» **Information provided**:
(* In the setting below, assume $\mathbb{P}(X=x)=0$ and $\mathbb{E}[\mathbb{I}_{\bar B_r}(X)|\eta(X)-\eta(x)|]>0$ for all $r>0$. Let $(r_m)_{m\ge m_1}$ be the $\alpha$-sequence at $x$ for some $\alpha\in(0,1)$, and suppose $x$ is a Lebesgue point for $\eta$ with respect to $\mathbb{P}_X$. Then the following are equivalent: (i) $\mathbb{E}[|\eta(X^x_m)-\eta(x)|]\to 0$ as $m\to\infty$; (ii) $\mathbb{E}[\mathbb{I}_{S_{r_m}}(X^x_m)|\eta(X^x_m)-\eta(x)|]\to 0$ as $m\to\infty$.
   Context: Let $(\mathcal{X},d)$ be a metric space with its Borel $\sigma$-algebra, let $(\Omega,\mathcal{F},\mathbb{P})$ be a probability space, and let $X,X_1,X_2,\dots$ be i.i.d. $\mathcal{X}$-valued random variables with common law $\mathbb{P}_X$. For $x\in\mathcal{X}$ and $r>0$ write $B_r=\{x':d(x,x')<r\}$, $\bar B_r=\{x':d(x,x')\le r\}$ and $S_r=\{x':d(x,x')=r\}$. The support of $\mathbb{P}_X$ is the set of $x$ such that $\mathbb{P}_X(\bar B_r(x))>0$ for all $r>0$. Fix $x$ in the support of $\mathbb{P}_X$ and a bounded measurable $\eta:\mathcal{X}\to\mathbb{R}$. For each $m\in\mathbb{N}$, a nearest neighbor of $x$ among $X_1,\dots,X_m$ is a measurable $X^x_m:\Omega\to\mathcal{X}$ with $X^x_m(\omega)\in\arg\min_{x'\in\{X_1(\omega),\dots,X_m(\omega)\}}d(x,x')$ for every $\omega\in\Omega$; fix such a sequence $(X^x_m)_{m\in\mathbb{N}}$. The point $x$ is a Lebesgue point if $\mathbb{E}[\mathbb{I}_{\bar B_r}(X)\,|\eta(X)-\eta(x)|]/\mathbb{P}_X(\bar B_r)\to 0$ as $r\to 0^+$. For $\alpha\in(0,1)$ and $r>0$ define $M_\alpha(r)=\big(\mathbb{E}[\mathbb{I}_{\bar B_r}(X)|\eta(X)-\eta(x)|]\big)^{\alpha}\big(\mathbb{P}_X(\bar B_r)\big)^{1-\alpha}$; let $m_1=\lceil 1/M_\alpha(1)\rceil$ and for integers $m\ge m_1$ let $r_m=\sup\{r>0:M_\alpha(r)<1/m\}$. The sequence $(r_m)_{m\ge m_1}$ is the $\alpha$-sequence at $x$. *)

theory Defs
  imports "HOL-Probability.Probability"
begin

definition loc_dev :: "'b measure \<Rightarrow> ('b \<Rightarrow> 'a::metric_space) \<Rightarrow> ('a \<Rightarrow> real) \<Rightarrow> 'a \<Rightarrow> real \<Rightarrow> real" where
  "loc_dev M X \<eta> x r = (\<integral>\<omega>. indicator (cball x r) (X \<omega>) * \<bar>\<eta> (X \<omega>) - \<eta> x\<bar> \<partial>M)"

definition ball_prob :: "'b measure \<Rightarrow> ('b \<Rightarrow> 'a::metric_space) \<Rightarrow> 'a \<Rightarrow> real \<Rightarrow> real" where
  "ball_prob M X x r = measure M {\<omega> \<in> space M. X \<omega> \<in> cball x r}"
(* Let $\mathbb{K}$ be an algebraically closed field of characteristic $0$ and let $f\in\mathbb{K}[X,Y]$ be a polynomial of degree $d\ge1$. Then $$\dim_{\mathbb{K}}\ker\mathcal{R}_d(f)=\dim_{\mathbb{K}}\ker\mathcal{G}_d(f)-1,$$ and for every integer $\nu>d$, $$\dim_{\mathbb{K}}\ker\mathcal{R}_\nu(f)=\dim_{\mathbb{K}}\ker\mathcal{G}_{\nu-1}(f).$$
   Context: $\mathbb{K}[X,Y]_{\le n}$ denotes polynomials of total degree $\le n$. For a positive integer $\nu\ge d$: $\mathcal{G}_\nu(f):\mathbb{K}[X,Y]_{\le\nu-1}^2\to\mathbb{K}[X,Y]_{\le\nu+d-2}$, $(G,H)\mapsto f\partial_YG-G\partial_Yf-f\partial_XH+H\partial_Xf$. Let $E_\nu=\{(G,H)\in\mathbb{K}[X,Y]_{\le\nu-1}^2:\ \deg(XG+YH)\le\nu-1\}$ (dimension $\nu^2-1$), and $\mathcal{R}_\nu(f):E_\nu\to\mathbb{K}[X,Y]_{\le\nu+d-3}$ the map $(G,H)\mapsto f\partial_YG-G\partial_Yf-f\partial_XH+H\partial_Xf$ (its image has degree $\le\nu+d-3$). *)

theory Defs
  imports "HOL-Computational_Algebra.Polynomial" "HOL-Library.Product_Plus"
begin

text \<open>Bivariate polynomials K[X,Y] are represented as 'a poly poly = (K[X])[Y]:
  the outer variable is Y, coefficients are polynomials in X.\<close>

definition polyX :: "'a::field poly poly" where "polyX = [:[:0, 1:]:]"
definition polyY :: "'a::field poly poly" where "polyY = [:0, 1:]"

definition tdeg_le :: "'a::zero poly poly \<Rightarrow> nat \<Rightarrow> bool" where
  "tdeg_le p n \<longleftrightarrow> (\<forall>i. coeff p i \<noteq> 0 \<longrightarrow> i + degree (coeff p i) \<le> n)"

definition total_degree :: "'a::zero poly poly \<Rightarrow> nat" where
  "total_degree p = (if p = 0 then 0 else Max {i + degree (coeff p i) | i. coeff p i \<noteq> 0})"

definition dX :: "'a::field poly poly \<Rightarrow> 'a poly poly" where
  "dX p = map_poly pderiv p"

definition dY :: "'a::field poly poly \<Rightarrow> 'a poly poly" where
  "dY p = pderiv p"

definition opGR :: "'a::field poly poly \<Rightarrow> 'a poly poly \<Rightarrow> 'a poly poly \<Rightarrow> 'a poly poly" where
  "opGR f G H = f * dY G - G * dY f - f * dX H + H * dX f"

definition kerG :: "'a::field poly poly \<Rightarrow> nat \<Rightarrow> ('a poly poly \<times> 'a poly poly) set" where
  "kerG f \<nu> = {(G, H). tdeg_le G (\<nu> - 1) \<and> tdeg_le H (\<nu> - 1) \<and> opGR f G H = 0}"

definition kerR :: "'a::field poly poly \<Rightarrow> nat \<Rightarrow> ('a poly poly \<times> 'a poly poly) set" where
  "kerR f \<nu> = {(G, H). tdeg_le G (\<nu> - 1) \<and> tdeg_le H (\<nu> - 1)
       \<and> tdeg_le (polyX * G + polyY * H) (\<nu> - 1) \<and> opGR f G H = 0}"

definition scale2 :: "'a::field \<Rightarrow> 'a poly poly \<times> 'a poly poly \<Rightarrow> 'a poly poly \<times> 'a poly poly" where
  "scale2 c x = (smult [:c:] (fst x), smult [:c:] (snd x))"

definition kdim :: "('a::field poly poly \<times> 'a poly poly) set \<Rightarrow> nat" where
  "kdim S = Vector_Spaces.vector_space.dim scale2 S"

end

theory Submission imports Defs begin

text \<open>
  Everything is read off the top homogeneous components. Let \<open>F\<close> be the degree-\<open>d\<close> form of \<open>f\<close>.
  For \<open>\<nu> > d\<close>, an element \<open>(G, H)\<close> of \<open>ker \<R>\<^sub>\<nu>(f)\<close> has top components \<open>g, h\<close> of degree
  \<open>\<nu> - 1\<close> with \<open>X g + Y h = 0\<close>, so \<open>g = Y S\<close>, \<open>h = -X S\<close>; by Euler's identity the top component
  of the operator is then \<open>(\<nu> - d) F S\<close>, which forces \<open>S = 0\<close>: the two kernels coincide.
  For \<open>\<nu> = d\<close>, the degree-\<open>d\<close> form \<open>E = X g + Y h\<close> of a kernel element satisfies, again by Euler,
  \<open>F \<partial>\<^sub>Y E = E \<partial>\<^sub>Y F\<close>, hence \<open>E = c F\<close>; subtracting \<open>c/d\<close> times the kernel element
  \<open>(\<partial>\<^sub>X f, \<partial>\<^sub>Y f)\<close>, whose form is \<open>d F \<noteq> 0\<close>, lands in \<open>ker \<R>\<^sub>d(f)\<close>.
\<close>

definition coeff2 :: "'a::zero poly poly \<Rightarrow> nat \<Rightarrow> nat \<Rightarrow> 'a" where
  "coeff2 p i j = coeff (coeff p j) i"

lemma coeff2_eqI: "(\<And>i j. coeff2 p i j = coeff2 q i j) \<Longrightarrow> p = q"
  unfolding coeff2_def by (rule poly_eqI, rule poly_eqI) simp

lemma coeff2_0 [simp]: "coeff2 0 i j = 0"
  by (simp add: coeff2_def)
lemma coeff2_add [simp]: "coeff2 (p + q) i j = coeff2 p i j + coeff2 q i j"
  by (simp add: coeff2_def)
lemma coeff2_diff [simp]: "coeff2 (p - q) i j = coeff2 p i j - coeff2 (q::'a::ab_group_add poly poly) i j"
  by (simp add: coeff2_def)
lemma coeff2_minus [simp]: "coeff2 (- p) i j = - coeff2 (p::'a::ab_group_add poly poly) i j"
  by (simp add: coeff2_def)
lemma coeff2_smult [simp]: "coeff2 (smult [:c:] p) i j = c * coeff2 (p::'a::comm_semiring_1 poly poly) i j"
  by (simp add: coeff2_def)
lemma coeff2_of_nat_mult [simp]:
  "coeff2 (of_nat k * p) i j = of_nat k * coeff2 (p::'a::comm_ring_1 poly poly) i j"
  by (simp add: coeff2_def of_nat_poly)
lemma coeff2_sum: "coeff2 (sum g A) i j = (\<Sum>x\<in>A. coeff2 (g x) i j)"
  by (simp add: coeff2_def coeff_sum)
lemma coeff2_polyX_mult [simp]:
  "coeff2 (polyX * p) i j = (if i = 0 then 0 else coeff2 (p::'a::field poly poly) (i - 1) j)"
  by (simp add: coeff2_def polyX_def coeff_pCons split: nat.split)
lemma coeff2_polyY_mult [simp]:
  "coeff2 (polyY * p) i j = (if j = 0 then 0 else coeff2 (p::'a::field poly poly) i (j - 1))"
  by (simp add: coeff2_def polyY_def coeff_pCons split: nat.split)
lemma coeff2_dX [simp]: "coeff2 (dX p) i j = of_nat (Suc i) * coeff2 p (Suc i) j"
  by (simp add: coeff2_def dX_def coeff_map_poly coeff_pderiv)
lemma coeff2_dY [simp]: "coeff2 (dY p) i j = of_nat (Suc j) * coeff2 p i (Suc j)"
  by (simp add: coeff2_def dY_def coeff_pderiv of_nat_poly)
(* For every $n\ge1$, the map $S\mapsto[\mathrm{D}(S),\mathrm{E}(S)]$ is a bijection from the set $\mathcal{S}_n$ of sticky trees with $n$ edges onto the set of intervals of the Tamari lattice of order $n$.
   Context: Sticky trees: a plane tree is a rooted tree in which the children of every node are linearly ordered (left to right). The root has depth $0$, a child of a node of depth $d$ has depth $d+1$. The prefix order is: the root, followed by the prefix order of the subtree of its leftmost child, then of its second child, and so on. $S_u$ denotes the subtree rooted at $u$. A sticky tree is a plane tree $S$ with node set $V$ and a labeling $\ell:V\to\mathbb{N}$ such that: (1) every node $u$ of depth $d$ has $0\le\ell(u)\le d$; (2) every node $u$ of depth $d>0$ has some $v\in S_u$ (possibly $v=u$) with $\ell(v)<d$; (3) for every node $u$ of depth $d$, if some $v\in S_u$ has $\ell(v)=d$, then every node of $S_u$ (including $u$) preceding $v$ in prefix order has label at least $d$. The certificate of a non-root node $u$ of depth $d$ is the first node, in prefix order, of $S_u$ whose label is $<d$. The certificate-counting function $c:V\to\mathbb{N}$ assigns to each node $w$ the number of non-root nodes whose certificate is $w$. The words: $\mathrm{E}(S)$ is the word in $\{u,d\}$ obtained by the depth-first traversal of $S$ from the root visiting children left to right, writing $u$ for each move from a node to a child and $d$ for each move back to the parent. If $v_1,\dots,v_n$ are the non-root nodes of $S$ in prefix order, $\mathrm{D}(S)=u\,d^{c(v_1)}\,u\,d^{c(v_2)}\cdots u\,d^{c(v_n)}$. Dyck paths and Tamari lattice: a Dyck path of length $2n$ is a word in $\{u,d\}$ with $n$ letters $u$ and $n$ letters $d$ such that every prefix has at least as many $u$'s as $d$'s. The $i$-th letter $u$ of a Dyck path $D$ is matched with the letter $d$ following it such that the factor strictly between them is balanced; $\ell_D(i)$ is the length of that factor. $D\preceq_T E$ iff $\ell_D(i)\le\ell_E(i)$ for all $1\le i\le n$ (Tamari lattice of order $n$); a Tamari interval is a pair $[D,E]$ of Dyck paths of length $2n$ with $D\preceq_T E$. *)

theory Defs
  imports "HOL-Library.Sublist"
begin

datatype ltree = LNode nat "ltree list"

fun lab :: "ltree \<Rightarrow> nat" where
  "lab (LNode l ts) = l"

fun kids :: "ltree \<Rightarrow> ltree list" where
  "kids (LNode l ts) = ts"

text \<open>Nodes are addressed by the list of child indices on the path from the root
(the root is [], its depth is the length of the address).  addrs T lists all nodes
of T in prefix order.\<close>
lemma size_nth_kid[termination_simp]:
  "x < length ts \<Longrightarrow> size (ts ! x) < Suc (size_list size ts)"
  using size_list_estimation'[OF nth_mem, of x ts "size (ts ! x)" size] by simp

» **Goal of the exercise**: All lines in the listing above between the line with "then 0 else Max" and the line with "poly \<Rightarrow> 'a poly poly \<Rightarrow>", inclusive, should be set down exactly, and no line outside that range.

» **Problem solution**:
  "total_degree p = (if p = 0 then 0 else Max {i + degree (coeff p i) | i. coeff p i \<noteq> 0})"

definition dX :: "'a::field poly poly \<Rightarrow> 'a poly poly" where
  "dX p = map_poly pderiv p"

definition dY :: "'a::field poly poly \<Rightarrow> 'a poly poly" where
  "dY p = pderiv p"

definition opGR :: "'a::field poly poly \<Rightarrow> 'a poly poly \<Rightarrow> 'a poly poly \<Rightarrow> 'a poly poly" where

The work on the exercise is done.